Forex (Foreign Currency Exchange)
- The fifth section is related to the foreign currency exchange and Forex. This is the largest part of the market. In this section, legal parties intend to buy and sell foreign currencies.
For instance, when you take British Pounds or US Dollars to exchange for any other currency; you are selling and buying foreign currency. These kind transactions make up the majority of trades on all financial markets.
Different trades in financial markets
There are a variety of different trades that can be made within financial markets. We will look at a few here.
Instant or Spot trade
The first type of trade is made using instant contracts, better known as a spot trade. In this type of contract, the goods being traded are at the owners’ discretion. This means they have no obligation to change the contract or their position within the trade.
For example, if you were to buy a house or a gold coin, it is down to you how long you hold onto these items, and you are free to wait for the right time to sell them on.
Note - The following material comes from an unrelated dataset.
(* For any digraph $G$, \[1+\mathrm{cr}(G)=\mathrm{lifo}_{\mathtt{mi}}(G)=\mathrm{lifo}_{\mathtt{i}}(G)=\mathrm{lifo}_{\mathtt{misc}}(G)=\mathrm{lifo}_{\mathtt{isc}}(G)=\mathrm{lifo}_{\mathtt{mv}}(G)=\mathrm{lifo}_{\mathtt{v}}(G)=\mathrm{lifo}_{\mathtt{mvsc}}(G)=\mathrm{lifo}_{\mathtt{vsc}}(G)=\mathrm{sstat}_{\mathtt{vsc}}(G).\]
   Context: All digraphs are finite, simple, without self-loops and have at least one vertex (induced subgraphs appearing as game data may be empty). For a finite set $V$, $V^*$ is the set of finite words over $V$, $\epsilon$ the empty word; $X \preceq Y$ means $X$ is a prefix of $Y$; for $X=a_1\cdots a_n$, $|X|=n$ and $\mathrm{let}(X)=\{a_1,\dots,a_n\}$. $A\Delta B$ is symmetric difference. For $X\subseteq V(G)$, $G\setminus X$ is the subgraph induced by $V(G)\setminus X$. Induced subgraphs are identified with their vertex sets. An initial component of a digraph $H$ is a strongly connected component $C$ with no edge from $H\setminus C$ into $C$. A subgraph $H\subseteq G$ is successor-closed if there is no edge of $G$ from $H$ to $G\setminus H$. Cycle-rank $\mathrm{cr}(G)$: $0$ if $G$ is acyclic; $1+\min_{v\in V(G)}\mathrm{cr}(G\setminus\{v\})$ if $G$ is strongly connected (and not acyclic); otherwise the maximum of $\mathrm{cr}(H)$ over strongly connected components $H$ of $G$. LIFO-search game. A position is a pair $(X,R)$ with $X\in V(G)^*$ and $R$ a (possibly empty) induced subgraph of $G\setminus\mathrm{let}(X)$. It is an $\mathtt{i}$-position if $R$ is successor-closed; an $\mathtt{isc}$-position if $R$ is a union of strongly connected components of $G\setminus\mathrm{let}(X)$; a $\mathtt{v}$-position if $R$ is successor-closed and has a unique initial component; a $\mathtt{vsc}$-position if $R$ is a strongly connected component of $G\setminus\mathrm{let}(X)$. For $\mathbf{gv}\in\{\mathtt{i},\mathtt{isc},\mathtt{v},\mathtt{vsc}\}$, a $\mathbf{gv}$-position $(X',R')$ is a $\mathbf{gv}$-successor of $(X,R)$ if ($X\preceq X'$ or $X'\preceq X$), $|\mathrm{let}(X)\Delta\mathrm{let}(X')|=1$, and: for $\mathbf{gv}\in\{\mathtt{i},\mathtt{v}\}$, every $v'\in R'$ is reachable by a directed path in $G\setminus(\mathrm{let}(X)\cap\mathrm{let}(X'))$ from some $v\in R$; for $\mathbf{gv}\in\{\mathtt{isc},\mathtt{vsc}\}$, every $v'\in R'$ lies in the same strongly connected component of $G\setminus(\mathrm{let}(X)\cap\mathrm{let}(X'))$ as some $v\in R$. For $\mathbf{gv}\in\{\mathtt{v},\mathtt{vsc}\}$, if $(\epsilon,G)$ is not a $\mathbf{gv}$-position it is nevertheless admitted as a special position whose $\mathbf{gv}$-successors are exactly the $\mathbf{gv}$-positions of the form $(\epsilon,R)$. A $\mathbf{gv}$-search from $(X_0,R_0)$ is a finite or infinite sequence of $\mathbf{gv}$-positions $(X_0,R_0),(X_1,R_1),\dots$ with each $(X_{i+1},R_{i+1})$ a $\mathbf{gv}$-successor of $(X_i,R_i)$; it is complete if it is infinite or $R_n=\emptyset$ for some $n$, and a complete search is winning for the searchers if $R_n=\emptyset$ for some $n$. A complete search from $(\epsilon,G)$ is monotone if $R_{i+1}\subseteq R_i$ for all $i$; searcher-stationary if $X_i\preceq X_{i+1}$ for all $i$ with $R_i\neq\emptyset$; uses at most $k$ searchers if $|X_i|\le k$ for all $i$. A (searcher) $\mathbf{gv}$-strategy is a function $\sigma$ from $\mathbf{gv}$-positions to $V(G)^*$ such that $\sigma(X,R)$ is the first component of some $\mathbf{gv}$-successor of $(X,R)$; a search is consistent with $\sigma$ if $X_{i+1}=\sigma(X_i,R_i)$ for all $i$. $\sigma$ is winning if every complete consistent search from $(\epsilon,G)$ is winning for the searchers; it is monotone / searcher-stationary / uses at most $k$ searchers if every complete consistent search from $(\epsilon,G)$ has that property. $\mathrm{lifo}_{\mathbf{gv}}(G)$ (resp. $\mathrm{lifo}_{\mathtt{m}\mathbf{gv}}(G)$) is the minimum $k$ such that there is a winning (resp. monotone winning) $\mathbf{gv}$-strategy using at most $k$ searchers; $\mathrm{sstat}_{\mathtt{vsc}}(G)$ is the minimum $k$ such that there is a searcher-stationary winning $\mathtt{vsc}$-strategy using at most $k$ searchers. *)

theory Defs
  imports Main "HOL-Library.Sublist"
begin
The second type of trade is an upcoming or future trade. In these contracts, a fixed future date should be settled on by both parties (as an expiry date). These trades require the buyer to pay a certain amount as a deposit.
If the expiry date is reached, then the owner must sell the given product, if it has not been sold yet.
The third type of trade is called an Option trade. These are exactly the same as the future trades we just looked at, except that the agreed upcoming date of the trade can be changed.
However this can only be done if both parties agree on the change of the date. The consequence of this increased flexibility is that these trades are more expensive to make.
The forth type of trade is about self-contract and is called a forward trade. In these trades the buyer is required to pay the full amount up front and receive the goods on a future date.
Advantages of using Forex in comparison to other markets
The next thing that we will talk about in this session are the benefits of using Forex trading market.
- The first benefit is that Forex is operational 24 hours a day. Since Forex is a global market, trading is continuous as long as there is a market open somewhere in the world. It is an interbank network, which works day and night, meaning any party can make their trade at any time.
- The second benefit is that Forex market also enjoys the highest level of liquidity. There are always buyers and sellers in this market who make trades of any amount at any time. Trades are made in two ways in Forex: traders can buy currency before its value rises, thus making profit; or sell currency before it drops, again deriving profit. This is an advantage that other markets do not offer; therefore, there are many opportunities to make a profit.
- The third benefit is that Forex allows you to use Leverage. Leverage means traders can enter the market at a position that they think will bring them more profit, even if that position needs more funds than their trading account capital would allow. On the other hand as its drawback, traders face higher amount of loss with less movement against prediction.
Finally, with the current growth in technology, any party can monitor their trades using Internet even on their smartphone. This shows once more that this is an ever-growing market.